When adopting or optimizing your public cloud use, it’s important to eliminate wasted spend from idle resources – which is why you need to include an instance scheduler in your plan. An instance scheduler ensures that non-production resources – those used for development, staging, testing, and QA – are stopped when they’re not being used, so you aren’t charged for compute time you’re not actually using.

AWS, Azure, and Google Cloud each offer an instance scheduler option. Will these fit your needs – or will you need something more robust? Let’s take a look at the offerings and see the benefits and drawbacks of each.

AWS Instance Scheduler

AWS has a solution called the AWS Instance Scheduler. AWS provides a CloudFormation template that deploys all the infrastructure needed to schedule EC2 and RDS instances. This infrastructure includes DynamoDB tables, Lambda functions, and CloudWatch alarms and metrics, and relies on tagging of instances to shut down and turn on the resources.

The AWS Instance scheduler is fairly robust in that it allows you to have multiple schedules, override those schedules, connect to other AWS accounts, temporarily resize instances, and manage both EC2 instances and RDS databases.  However, that management is done exclusively through editing DynamoDB table entries, which is not the most user-friendly experience. All of those settings in DynamoDB are applied via instance tags, which is good if your organization is tag-savvy, but can be a problem if not all users have access to change tags.

If you will have multiple users adding and updating schedules, the Instance Scheduler does not provide good auditing or multi-user capabilities. You’ll want to strongly consider an alternative.

Microsoft Azure Automation

Microsoft has a feature called Azure Automation, which includes multiple solutions for VM management. One of those solutions is “Start/Stop VMs during off-hours”, which deploys runbooks, schedules, and log analytics in your Azure subscription for managing instances. Configuration is done in the runbook parameters and variables, and email notifications can be sent for each schedule.

This solution steps you through the setup for timing of start and stop, along with email configuration and the target VMs. However, multiple schedules require multiple deployments of the solution, and connecting to additional Azure subscriptions requires even more deployments.
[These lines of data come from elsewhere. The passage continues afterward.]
abbreviation cat_adj :: "nat \<Rightarrow> nat \<Rightarrow> nat \<Rightarrow> bool" where
  "cat_adj k \<equiv> parent_adj (3*k+2) (cat_parent k)"

definition cat_pos :: "nat \<Rightarrow> nat \<Rightarrow> nat" where
  "cat_pos k x = (if x \<le> 2*k+2 then x else 2*(x - (2*k+2)))"

definition cat_depth :: "nat \<Rightarrow> nat \<Rightarrow> nat" where
  "cat_depth k x = (if x \<le> 2*k+2 then 0 else 1)"

definition cat_dist :: "nat \<Rightarrow> nat \<Rightarrow> nat \<Rightarrow> nat" where
  "cat_dist k u v = (if u = v then 0
     else (cat_pos k u - cat_pos k v) + (cat_pos k v - cat_pos k u) + cat_depth k u + cat_depth k v)"

lemma cat_parent_less: "x \<in> {1..3*k+2} \<Longrightarrow> cat_parent k x < x"
  by (auto simp: cat_parent_def)

lemma cat_dist_adj: "cat_adj k x y \<Longrightarrow> cat_dist k x y = 1"
  by (auto simp: parent_adj_def cat_parent_def cat_dist_def cat_pos_def cat_depth_def
      split: if_splits)

lemma cat_dist_triangle: "cat_dist k u w \<le> cat_dist k u v + cat_dist k v w"
  by (auto simp: cat_dist_def)

lemma cat_dist_sym: "cat_dist k u v = cat_dist k v u"
  by (auto simp: cat_dist_def)

lemma cat_dist_descent:
  assumes u: "u \<in> {..3*k+2}" and v: "v \<in> {..3*k+2}" and "u \<noteq> v"
  shows "\<exists>w. cat_adj k u w \<and> cat_dist k w v + 1 = cat_dist k u v"
proof -
  consider "2*k+2 < u" | "u \<le> 2*k+2" "cat_pos k v = u"
    | "u \<le> 2*k+2" "u < cat_pos k v" | "u \<le> 2*k+2" "cat_pos k v < u"
    by linarith
  then show ?thesis
  proof cases
    case 1
    then show ?thesis using u v \<open>u \<noteq> v\<close>
      by (intro exI[of _ "cat_parent k u"])
        (auto simp: parent_adj_def cat_parent_def cat_dist_def cat_pos_def cat_depth_def)
  next
    case 2
    then show ?thesis using u v \<open>u \<noteq> v\<close>
      by (intro exI[of _ v])
        (auto simp: parent_adj_def cat_parent_def cat_dist_def cat_pos_def cat_depth_def
          split: if_splits)
  next
    case 3
    then show ?thesis using u v \<open>u \<noteq> v\<close>
      by (intro exI[of _ "Suc u"])
        (auto simp: parent_adj_def cat_parent_def cat_dist_def cat_pos_def cat_depth_def
          split: if_splits)
  next
    case 4
    then show ?thesis using u v \<open>u \<noteq> v\<close>
      by (intro exI[of _ "u - 1"])
        (auto simp: parent_adj_def cat_parent_def cat_dist_def cat_pos_def cat_depth_def
          split: if_splits)
  qed
qed

lemma dist_cat_adj:
  assumes "u \<in> {..3*k+2}" "v \<in> {..3*k+2}"
  shows "dist (cat_adj k) u v = cat_dist k u v"
proof (rule dist_eq_potential[where V = "{..3*k+2}"])
  show "\<exists>w. cat_adj k x w \<and> cat_dist k w v + 1 = cat_dist k x v"
    if "x \<in> {..3*k+2}" "x \<noteq> v" for x
    using cat_dist_descent[OF that(1) assms(2) that(2)] .
  show "cat_dist k x v \<le> cat_dist k y v + 1" if "cat_adj k x y" for x y
    using cat_dist_triangle[of k x v y] cat_dist_adj[OF that] by simp
qed (use assms in \<open>auto simp: parent_adj_def cat_dist_def cat_parent_def\<close>)

lemma connected_cat_adj: "connected_graph {..3*k+2} (cat_adj k)"
  unfolding connected_graph_def
proof (intro ballI)
  fix u v assume "u \<in> {..3*k+2}" "v \<in> {..3*k+2}"
  then have "\<exists>p. is_walk (cat_adj k) p \<and> hd p = u \<and> last p = v \<and> length p = Suc (cat_dist k u v)"
    by (intro walk_along_potential[where V = "{..3*k+2}"] cat_dist_descent)
      (auto simp: parent_adj_def cat_dist_def cat_parent_def)
  then show "\<exists>p. is_walk (cat_adj k) p \<and> hd p = u \<and> last p = v" by blast
qed

lemma is_tree_cat_adj: "is_tree {..3*k+2} (cat_adj k)"
  unfolding is_tree_def
  using simple_graph_parent_adj[OF cat_parent_less] connected_cat_adj
    card_edge_set_parent_adj[OF cat_parent_less] by simp

lemma radius_cat_adj: "k < radius {..3*k+2} (cat_adj k)"
proof -
  have "k < eccentricity {..3*k+2} (cat_adj k) v" if v: "v \<in> {..3*k+2}" for v
  proof -
    define w where "w = (if cat_pos k v \<le> k+1 then 2*k+2 else 0)"
    have w: "w \<in> {..3*k+2}" by (simp add: w_def)
    have "k < cat_dist k v w"
      using v by (auto simp: w_def cat_dist_def cat_pos_def cat_depth_def)
    also have "\<dots> = dist (cat_adj k) v w" using dist_cat_adj[OF v w] by simp
    also have "\<dots> \<le> eccentricity {..3*k+2} (cat_adj k) v"
      unfolding eccentricity_def using w by (intro Max_ge) auto
    finally show ?thesis .
  qed
  then show ?thesis unfolding radius_def by (subst Min_gr_iff) auto
qed

lemma broadcast_cost_ge_card:
  assumes "finite V" "S \<subseteq> V" and dom: "dominating_k_broadcast V E k f"
    and sparse: "\<And>v r. v \<in> V \<Longrightarrow> 1 \<le> r \<Longrightarrow> r \<le> k \<Longrightarrow> card {s \<in> S. dist E s v \<le> r} \<le> r"
  shows "card S \<le> broadcast_cost V f"
proof -
  have "\<forall>s\<in>S. \<exists>v. v \<in> V \<and> 1 \<le> f v \<and> dist E s v \<le> f v"
    using dom \<open>S \<subseteq> V\<close> unfolding dominating_k_broadcast_def by blast
  then obtain g where g: "\<And>s. s \<in> S \<Longrightarrow> g s \<in> V \<and> 1 \<le> f (g s) \<and> dist E s (g s) \<le> f (g s)"
    by metis
  have "card S = (\<Sum>v\<in>V. card {s \<in> S. g s = v})"
    using sum.group[where S = S and T = V and g = g and h = "\<lambda>_. 1 :: nat"] g
      finite_subset[OF \<open>S \<subseteq> V\<close> \<open>finite V\<close>] \<open>finite V\<close>
    by (simp add: image_subset_iff)
  also have "\<dots> \<le> (\<Sum>v\<in>V. f v)"
  proof (rule sum_mono)
    fix v assume v: "v \<in> V"
    show "card {s \<in> S. g s = v} \<le> f v"
    proof (cases "\<exists>s \<in> S. g s = v")
      case True
      then have "1 \<le> f v" using g by blast
      moreover have "f v \<le> k" using dom v by (simp add: dominating_k_broadcast_def)
      moreover have "{s \<in> S. g s = v} \<subseteq> {s \<in> S. dist E s v \<le> f v}" using g by auto
      ultimately show ?thesis
        using sparse[OF v] card_mono[OF _ \<open>{s \<in> S. g s = v} \<subseteq> _\<close>]
          finite_subset[OF \<open>S \<subseteq> V\<close> \<open>finite V\<close>] by fastforce
    next
      case False
      then have "{s \<in> S. g s = v} = {}" by blast
      then show ?thesis by (metis card.empty zero_le)
    qed
  qed
  finally show ?thesis by (simp add: broadcast_cost_def)
qed
(* Let $\mathcal{H}_1,\mathcal{H}_2$ be finite-dimensional Hilbert spaces and let the set of free channels be $\mathcal{O}_{\mathrm{F}}=\bigcup_k\mathcal{O}_{\mathrm{F}_k}\subseteq\mathcal{O}(\mathcal{H}_1\to\mathcal{H}_2)$, where each $\mathcal{O}_{\mathrm{F}_k}$ is convex. For any resource channel $\Lambda\in\mathcal{O}(\mathcal{H}_1\to\mathcal{H}_2)\setminus\mathcal{O}_{\mathrm{F}}$, \[\inf_k\ \max_{\{p_i,\eta_i\}_i,\{M_i\}_i}\frac{p_{\mathrm{succ}}(\Lambda,\{p_i,\eta_i\}_i,\{M_i\}_i)}{\max_{\Xi_k\in\mathcal{O}_{\mathrm{F}_k}}p_{\mathrm{succ}}(\Xi_k,\{p_i,\eta_i\}_i,\{M_i\}_i)}=1+R_{\mathcal{O}_{\mathrm{F}}}(\Lambda).\]
   Context: $\mathcal{O}(\mathcal{H}_1\to\mathcal{H}_2)$ is the set of quantum channels from operators on $\mathcal{H}_1$ to operators on $\mathcal{H}_2$; $\mathcal{I}_{\mathcal{H}_1}$ is the identity map on operators on $\mathcal{H}_1$. A state ensemble $\{p_i,\eta_i\}_i$ is a finite probability distribution with states $\eta_i$ on $\mathcal{H}_1\otimes\mathcal{H}_1$; $\{M_i\}_i$ is a POVM on $\mathcal{H}_1\otimes\mathcal{H}_2$; for a channel $\Gamma$, $p_{\mathrm{succ}}(\Gamma,\{p_i,\eta_i\}_i,\{M_i\}_i)=\sum_ip_i\operatorname{tr}[M_i(\mathcal{I}_{\mathcal{H}_1}\otimes\Gamma)(\eta_i)]$. The maximum is over all such ensembles and POVMs. The generalized robustness of a channel with respect to a set $\mathcal{G}$ of channels is $R_{\mathcal{G}}(\Lambda)=\min\{s\ge0:\exists\Theta\in\mathcal{O}(\mathcal{H}_1\to\mathcal{H}_2),\ \frac{\Lambda+s\Theta}{1+s}\in\mathcal{G}\}$. *)

theory Defs
  imports "HOL-Analysis.Analysis" "HOL-Library.Extended_Real"
begin

text \<open>Operators on a finite-dimensional Hilbert space with orthonormal basis indexed by
  a finite type 'a are represented by their matrices  'a => 'a => complex.
  The tensor product space of spaces indexed by 'a and 'b is indexed by 'a * 'b.\<close>

type_synonym 'a op = "'a \<Rightarrow> 'a \<Rightarrow> complex"

definition tr :: "('a::finite) op \<Rightarrow> complex" where
  "tr A = (\<Sum>i\<in>UNIV. A i i)"

definition mmult :: "('a::finite) op \<Rightarrow> 'a op \<Rightarrow> 'a op" where
  "mmult A B = (\<lambda>i j. \<Sum>k\<in>UNIV. A i k * B k j)"

definition idop :: "'a op" where
  "idop = (\<lambda>i j. if i = j then 1 else 0)"

definition psd_on :: "'a set \<Rightarrow> 'a op \<Rightarrow> bool" where
  "psd_on S A \<longleftrightarrow> (\<forall>v :: 'a \<Rightarrow> complex.
     Im (\<Sum>i\<in>S. \<Sum>j\<in>S. cnj (v i) * A i j * v j) = 0 \<and>
     Re (\<Sum>i\<in>S. \<Sum>j\<in>S. cnj (v i) * A i j * v j) \<ge> 0)"

definition psd :: "('a::finite) op \<Rightarrow> bool" where
  "psd A \<longleftrightarrow> psd_on UNIV A"

definition is_state :: "('a::finite) op \<Rightarrow> bool" where
  "is_state \<rho> \<longleftrightarrow> psd \<rho> \<and> tr \<rho> = 1"

text \<open>(id_C \<otimes> \<Gamma>) applied blockwise (correct for linear \<Gamma>).\<close>
definition id_tensor :: "('a op \<Rightarrow> 'b op) \<Rightarrow> ('c \<times> 'a) op \<Rightarrow> ('c \<times> 'b) op" where
  "id_tensor \<Gamma> X = (\<lambda>(c, b) (c', b'). \<Gamma> (\<lambda>a a'. X (c, a) (c', a')) b b')"

definition is_linear_map :: "('a op \<Rightarrow> 'b op) \<Rightarrow> bool" where
  "is_linear_map \<Gamma> \<longleftrightarrow> (\<forall>X Y (c::complex).
     \<Gamma> (\<lambda>i j. c * X i j + Y i j) = (\<lambda>i j. c * \<Gamma> X i j + \<Gamma> Y i j))"

definition trace_preserving :: "(('a::finite) op \<Rightarrow> ('b::finite) op) \<Rightarrow> bool" where
  "trace_preserving \<Gamma> \<longleftrightarrow> (\<forall>X. tr (\<Gamma> X) = tr X)"

text \<open>Complete positivity: (id_n \<otimes> \<Gamma>) is positive for every ancilla dimension n
  (ancilla basis indexed by {..<n}).\<close>
definition completely_positive :: "(('a::finite) op \<Rightarrow> ('b::finite) op) \<Rightarrow> bool" where
  "completely_positive \<Gamma> \<longleftrightarrow> (\<forall>(n::nat) (X :: (nat \<times> 'a) op).
     psd_on ({..<n} \<times> UNIV) X \<longrightarrow> psd_on ({..<n} \<times> UNIV) (id_tensor \<Gamma> X))"

definition channels :: "(('a::finite) op \<Rightarrow> ('b::finite) op) set" where
  "channels = {\<Gamma>. is_linear_map \<Gamma> \<and> trace_preserving \<Gamma> \<and> completely_positive \<Gamma>}"

definition convex_chans :: "(('a::finite) op \<Rightarrow> ('b::finite) op) set \<Rightarrow> bool" where
  "convex_chans G \<longleftrightarrow> (\<forall>\<Xi>1\<in>G. \<forall>\<Xi>2\<in>G. \<forall>t::real. 0 \<le> t \<and> t \<le> 1 \<longrightarrow>
     (\<lambda>X i j. of_real t * \<Xi>1 X i j + of_real (1 - t) * \<Xi>2 X i j) \<in> G)"

text \<open>Discrimination tasks: a finite state ensemble {p_i, \<eta>_i}_{i<m} of states on H1\<otimes>H1
  together with a POVM {M_i}_{i<m} on H1\<otimes>H2.\<close>
definition tasks :: "(nat \<times> (nat \<Rightarrow> real) \<times> (nat \<Rightarrow> (('a::finite) \<times> 'a) op)
                        \<times> (nat \<Rightarrow> ('a \<times> ('b::finite)) op)) set" where
  "tasks = {(m, p, \<eta>, M).
      (\<forall>i<m. 0 \<le> p i) \<and> (\<Sum>i<m. p i) = 1 \<and> (\<forall>i<m. is_state (\<eta> i)) \<and>
      (\<forall>i<m. psd (M i)) \<and> (\<lambda>x y. \<Sum>i<m. M i x y) = idop}"

definition p_succ :: "(('a::finite) op \<Rightarrow> ('b::finite) op) \<Rightarrow>
    (nat \<times> (nat \<Rightarrow> real) \<times> (nat \<Rightarrow> ('a \<times> 'a) op) \<times> (nat \<Rightarrow> ('a \<times> 'b) op)) \<Rightarrow> real" where
  "p_succ \<Gamma> T = (case T of (m, p, \<eta>, M) \<Rightarrow>
      (\<Sum>i<m. p i * Re (tr (mmult (M i) (id_tensor \<Gamma> (\<eta> i))))))"

text \<open>Generalized robustness (inf; +\<infinity> if no admissible s exists).\<close>
definition robustness :: "(('a::finite) op \<Rightarrow> ('b::finite) op) set \<Rightarrow> ('a op \<Rightarrow> 'b op) \<Rightarrow> ereal" where
  "robustness G \<Lambda> = Inf {ereal s | s. 0 \<le> s \<and> (\<exists>\<Theta>\<in>channels.
      (\<lambda>X i j. (\<Lambda> X i j + of_real s * \<Theta> X i j) / of_real (1 + s)) \<in> G)}"

end

theory Submission
  imports Defs
begin

text \<open>If (\<Lambda> + s \<Theta>) / (1 + s) lies in F_k, then on every task \<Lambda> succeeds with
  probability at most 1 + s times that of this free channel, which gives the upper bound.
  For the lower bound fix k and t < 1 + R(F_k), and view the Choi matrices J(\<Gamma>) as vectors
  of a real Euclidean space. The compact convex set t cl J(F_k) - J(\<Lambda>) misses the closed
  convex cone of positive semidefinite matrices: otherwise t' J(\<Xi>) - J(\<Lambda>) would be positive
  semidefinite for some \<Xi> in F_k and t' < 1 + R(F_k), which makes (t' \<Xi> - \<Lambda>) / (t' - 1) a
  channel and t' - 1 an admissible weight. A separating hyperplane yields a vector of the dual
  cone. Its Hermitian part, suitably scaled, is one element of a two-outcome measurement, and
  discriminating the maximally entangled state with it gives a task on which \<Lambda> beats every
  \<Xi> in F_k by a factor larger than t. Finally the robustness with respect to the union of the
  F_k is the infimum of the robustnesses with respect to the F_k.\<close>

section \<open>Positive semidefinite matrices\<close>

definition quad_form :: "'a set \<Rightarrow> 'a op \<Rightarrow> ('a \<Rightarrow> complex) \<Rightarrow> complex" where
  "quad_form S A v = (\<Sum>i\<in>S. \<Sum>j\<in>S. cnj (v i) * A i j * v j)"

lemma psd_on_iff_quad_form: "psd_on S A \<longleftrightarrow> (\<forall>v. Im (quad_form S A v) = 0 \<and> Re (quad_form S A v) \<ge> 0)"
  by (simp add: psd_on_def quad_form_def)
lemma mem_R_set_iff:
  "(\<alpha>, l) \<in> R_set m p lam \<longleftrightarrow> (\<exists>i j. \<alpha> = eps_sum i j \<and> 1 \<le> i \<and> i < j \<and> j \<le> num_parts m lam \<and>
     1 \<le> l \<and> lam_rho i < l * int p \<and> l * int p < lam_rho i + lam_rho j \<and>
     chi m (aff_dot m p \<alpha> l lam) \<noteq> 0)"
proof -
  have pair_sum: "pair m lam_rho (eps_sum i j) = lam_rho i + lam_rho j"
    if "1 \<le> i" "i < j" "j \<le> num_parts m lam" for i j
    using pair_eps_sum[of i j m] num_parts_le[of m lam] that by simp
  have R_set_unfolded: "(\<alpha>, l) \<in> R_set m p lam \<longleftrightarrow> (\<exists>i j. \<alpha> = eps_sum i j \<and> 1 \<le> i \<and> i < j \<and>
     j \<le> num_parts m lam \<and> 1 \<le> l \<and> 1 \<le> pair m lam_rho \<alpha> - l * int p \<and>
     0 < lam_rho j - (pair m lam_rho \<alpha> - l * int p) \<and> chi m (aff_dot m p \<alpha> l lam) \<noteq> 0)"
    by (simp add: R_set_def Let_def eps_sum_def lam_rho_def)
  show ?thesis
  proof
    assume "(\<alpha>, l) \<in> R_set m p lam"
    then obtain i j where "\<alpha> = eps_sum i j" "1 \<le> i" "i < j" "j \<le> num_parts m lam" "1 \<le> l"
      "1 \<le> pair m lam_rho \<alpha> - l * int p" "0 < lam_rho j - (pair m lam_rho \<alpha> - l * int p)"
      "chi m (aff_dot m p \<alpha> l lam) \<noteq> 0"
      unfolding R_set_unfolded by blast
    then show "\<exists>i j. \<alpha> = eps_sum i j \<and> 1 \<le> i \<and> i < j \<and> j \<le> num_parts m lam \<and>
     1 \<le> l \<and> lam_rho i < l * int p \<and> l * int p < lam_rho i + lam_rho j \<and>
     chi m (aff_dot m p \<alpha> l lam) \<noteq> 0"
      using pair_sum[of i j] by (intro exI[of _ i] exI[of _ j]) auto
  next
    assume "\<exists>i j. \<alpha> = eps_sum i j \<and> 1 \<le> i \<and> i < j \<and> j \<le> num_parts m lam \<and>
     1 \<le> l \<and> lam_rho i < l * int p \<and> l * int p < lam_rho i + lam_rho j \<and>
     chi m (aff_dot m p \<alpha> l lam) \<noteq> 0"
    then obtain i j where "\<alpha> = eps_sum i j" "1 \<le> i" "i < j" "j \<le> num_parts m lam" "1 \<le> l"
      "lam_rho i < l * int p" "l * int p < lam_rho i + lam_rho j" "chi m (aff_dot m p \<alpha> l lam) \<noteq> 0"
      by blast
    then show "(\<alpha>, l) \<in> R_set m p lam"
      unfolding R_set_unfolded using pair_sum[of i j] by (intro exI[of _ i] exI[of _ j]) auto
  qed
qed

text \<open>Links index both the long-root terms and the terms \<open>(\<epsilon>\<^sub>i + \<epsilon>\<^sub>j, l)\<close> that cancel them.\<close>

definition links :: "(nat \<times> nat \<times> int) set" where
  "links = {(i, j, l). 1 \<le> i \<and> i < j \<and> j \<le> m \<and> 1 \<le> l \<and> lam_rho i - l * int p = lam_rho j}"

definition long_pairs :: "(weight \<times> int) set" where
  "long_pairs = (\<lambda>(i, j, l). (two_eps i, l)) ` links"
lemma trunc_val_attained_least:
  assumes "f \<noteq> 0"
  obtains i where "qexp Q f i \<noteq> 0" "trunc_val v Q f = v (qterm f i)"
    and "\<And>i'. i' < i \<Longrightarrow> qexp Q f i' \<noteq> 0 \<Longrightarrow> trunc_val v Q f < v (qterm f i')"
proof -
  define i where "i = (LEAST i. qexp Q f i \<noteq> 0 \<and> trunc_val v Q f = v (qterm f i))"
  have "qexp Q f i \<noteq> 0 \<and> trunc_val v Q f = v (qterm f i)"
    unfolding i_def using trunc_val_attained[OF assms] by (rule LeastI_ex)
  moreover have "trunc_val v Q f < v (qterm f i')" if "i' < i" "qexp Q f i' \<noteq> 0" for i'
    using not_less_Least[OF that(1)[unfolded i_def]] trunc_val_le[OF that(2)] that(2)
    by (auto simp: order.order_iff_strict)
  ultimately show ?thesis
    using that by blast
qed

lemma mult_Q_expansion:
  "f * g = (\<Sum>(i, j)\<in>{..degree f} \<times> {..degree g}. qexp Q f i * qexp Q g j * Q ^ (i + j))"
proof -
  have "f * g = (\<Sum>i\<le>degree f. qterm f i) * (\<Sum>j\<le>degree g. qterm g j)"
    using Q_expansion[of f] Q_expansion[of g] by simp
  also have "\<dots> = (\<Sum>(i, j)\<in>{..degree f} \<times> {..degree g}. qterm f i * qterm g j)"
    by (simp add: sum_product sum.cartesian_product)
  finally show ?thesis
    by (simp add: power_add mult_ac)
qed

lemma val_qterm_product:
  "qexp Q f i \<noteq> 0 \<Longrightarrow> qexp Q g j \<noteq> 0 \<Longrightarrow>
    v (qexp Q f i) + v (qexp Q g j) + v (Q ^ (i + j)) = v (qterm f i) + v (qterm g j)"
  by (simp add: val_mult power_add algebra_simps)

lemma trunc_val_mult_ge:
  assumes "f \<noteq> 0" "g \<noteq> 0"
  shows "trunc_val v Q f + trunc_val v Q g \<le> trunc_val v Q (f * g)"
proof -
  have "trunc_ge (trunc_val v Q f + trunc_val v Q g) (qexp Q f i * qexp Q g j * Q ^ (i + j))" for i j
  proof (cases "qexp Q f i = 0 \<or> qexp Q g j = 0")
    case False
    then show ?thesis
      using trunc_ge_small_product[of "qexp Q f i" "qexp Q g j" "i + j"] degree_qexp_less
        val_qterm_product[of f i g j] trunc_val_le[of f i] trunc_val_le[of g j]
      by (auto intro: trunc_ge_mono add_mono)
  qed auto
  then have "trunc_ge (trunc_val v Q f + trunc_val v Q g) (f * g)"
    by (subst mult_Q_expansion) (auto intro: trunc_ge_sum)
  then show ?thesis
    using assms by (simp add: trunc_val_geI)
qed

lemma val_gt_qterm_product:
  assumes "qexp Q f i \<noteq> 0" "qexp Q g j \<noteq> 0"
    and "\<gamma> \<le> v (qterm f i) + v (qterm g j)"
    and "k = i + j \<Longrightarrow> \<gamma> < v (qterm f i) + v (qterm g j)"
  shows "val_gt \<gamma> (qterm (qexp Q f i * qexp Q g j * Q ^ (i + j)) k)"
proof -
  have small: "degree (qexp Q f i) < degree Q" "degree (qexp Q g j) < degree Q"
    using assms(1,2) degree_qexp_less by auto
  note prod = qterm_small_product[OF assms(1) small(1) assms(2) small(2)]
  show ?thesis
  proof (cases "k = i + j")
    case True
    then show ?thesis
      using prod(2) assms(4) val_qterm_product[OF assms(1,2)] by (simp add: val_gt_def)
  next
    case False
    then show ?thesis
      using prod(3)[of k "i + j"] assms(3) val_qterm_product[OF assms(1,2)] by (auto intro: val_gt_mono)
  qed
qed

text \<open>For the upper bound, look at the coefficient of \<open>Q^(i0 + j0)\<close> in \<open>f g\<close>, where \<open>i0\<close> and
  \<open>j0\<close> are the least indices at which \<open>\<nu>_Q f\<close> and \<open>\<nu>_Q g\<close> are attained: only the product
  of these two terms contributes to it with minimal value.\<close>

lemma trunc_val_mult:
  assumes f: "f \<noteq> 0" and g: "g \<noteq> 0"
  shows "trunc_val v Q (f * g) = trunc_val v Q f + trunc_val v Q g"
proof (rule antisym[OF _ trunc_val_mult_ge[OF assms]])
  define \<gamma> where "\<gamma> = trunc_val v Q f + trunc_val v Q g"
  define T where "T = (\<lambda>(i, j). qexp Q f i * qexp Q g j * Q ^ (i + j))"
  define A where "A = {..degree f} \<times> {..degree g}"
  obtain i0 where i0: "qexp Q f i0 \<noteq> 0" "trunc_val v Q f = v (qterm f i0)"
    and i0_least: "\<And>i. i < i0 \<Longrightarrow> qexp Q f i \<noteq> 0 \<Longrightarrow> trunc_val v Q f < v (qterm f i)"
    using trunc_val_attained_least[OF f] by blast
  obtain j0 where j0: "qexp Q g j0 \<noteq> 0" "trunc_val v Q g = v (qterm g j0)"
    and j0_least: "\<And>j. j < j0 \<Longrightarrow> qexp Q g j \<noteq> 0 \<Longrightarrow> trunc_val v Q g < v (qterm g j)"
    using trunc_val_attained_least[OF g] by blast
  define k where "k = i0 + j0"
  have "(i0, j0) \<in> A"
    using i0 j0 qexp_eq_0_if_degree_less unfolding A_def by (meson atMost_iff mem_Sigma_iff not_le)
  moreover have "f * g = sum T A"
    unfolding T_def A_def by (rule mult_Q_expansion)
  then have "qterm (f * g) k = (\<Sum>p\<in>A. qterm (T p) k)"
    by (simp add: qexp_sum sum_distrib_right)
  ultimately have "qterm (f * g) k = qterm (T (i0, j0)) k + (\<Sum>p\<in>A - {(i0, j0)}. qterm (T p) k)"
    using sum.remove[of A "(i0, j0)" "\<lambda>p. qterm (T p) k"] by (simp add: A_def)
  moreover have "qterm (T (i0, j0)) k \<noteq> 0" "v (qterm (T (i0, j0)) k) = \<gamma>"
    using qterm_small_product(1,2)[of "qexp Q f i0" "qexp Q g j0" k] i0 j0
      degree_qexp_less[of f i0] degree_qexp_less[of g j0] val_qterm_product[of f i0 g j0] unfolding T_def k_def \<gamma>_def by simp_all
  moreover have "val_gt \<gamma> (\<Sum>p\<in>A - {(i0, j0)}. qterm (T p) k)"
  proof (rule val_gt_sum)
    fix p
    assume "p \<in> A - {(i0, j0)}"
    moreover obtain i j where p: "p = (i, j)"
      by fastforce
    ultimately have ij: "(i, j) \<noteq> (i0, j0)"
      by simp
    have "val_gt \<gamma> (qterm (T (i, j)) k)"
    proof (cases "qexp Q f i = 0 \<or> qexp Q g j = 0")
      case False
      have "k = i + j \<Longrightarrow> i < i0 \<or> j < j0"
        using ij unfolding k_def by auto
      then show ?thesis
        unfolding T_def prod.case \<gamma>_def using False i0_least j0_least trunc_val_le[of f i] trunc_val_le[of g j]
        by (intro val_gt_qterm_product) (auto intro: add_mono add_less_le_mono add_le_less_mono)
    qed (auto simp: T_def)
    then show "val_gt \<gamma> (qterm (T p) k)"
      unfolding p .
  qed
  ultimately have "qterm (f * g) k \<noteq> 0" "v (qterm (f * g) k) = \<gamma>"
    using val_add_dominant[of "qterm (T (i0, j0)) k"] by simp_all
  then show "trunc_val v Q (f * g) \<le> \<gamma>"
    using trunc_val_le[of "f * g" k] by auto
qed

end

section \<open>The valuation \<open>\<nu>_Q\<close> on \<open>K(x)\<close> and its residue field\<close>

lemma list_lift:
  assumes "\<And>y. y \<in> set ys \<Longrightarrow> \<exists>x. P x \<and> y = f x"
  obtains xs where "ys = map f xs" "\<And>x. x \<in> set xs \<Longrightarrow> P x"
  using assms
proof (induction ys arbitrary: thesis)
  case (Cons y ys)
  obtain x where "P x" "y = f x"
    using Cons.prems(2) by auto
  moreover obtain xs where "ys = map f xs" "\<And>x. x \<in> set xs \<Longrightarrow> P x"
    using Cons.IH Cons.prems(2) by (metis list.set_intros(2))
  ultimately show ?case
    using Cons.prems(1)[of "x # xs"] by auto
qed simp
They do include the ability to order or sequence your start/stop, which can be very helpful for multi-component applications, but there’s no option for temporary overrides and no UI for self-service management. One really nice feature is the ability to recognize when instances are idle, and automatically stop them after a set time period, which the other tools don’t provide.

Google Cloud Scheduler

Google also has packaged some of their Cloud components together into a Google Cloud Scheduler. This includes usage of Google Cloud Functions for running the scripts, Google Cloud Pub/Sub messages for driving the actions, and Google Cloud Scheduler Jobs to actually kick-off the start and stop for the VMs. Unlike AWS and Azure, this requires individual setup (instead of being packaged into a deployment), but the documentation takes you step-by-step through the process.

Google Cloud Scheduler relies on instance names instead of tags by default, though the functions are all made available for you to modify as you need. The settings are all built in to those functions, which makes updating or modifying much more complicated than the other services. There’s also no real UI available, and the out-of-the-box experience is fairly limited in scope.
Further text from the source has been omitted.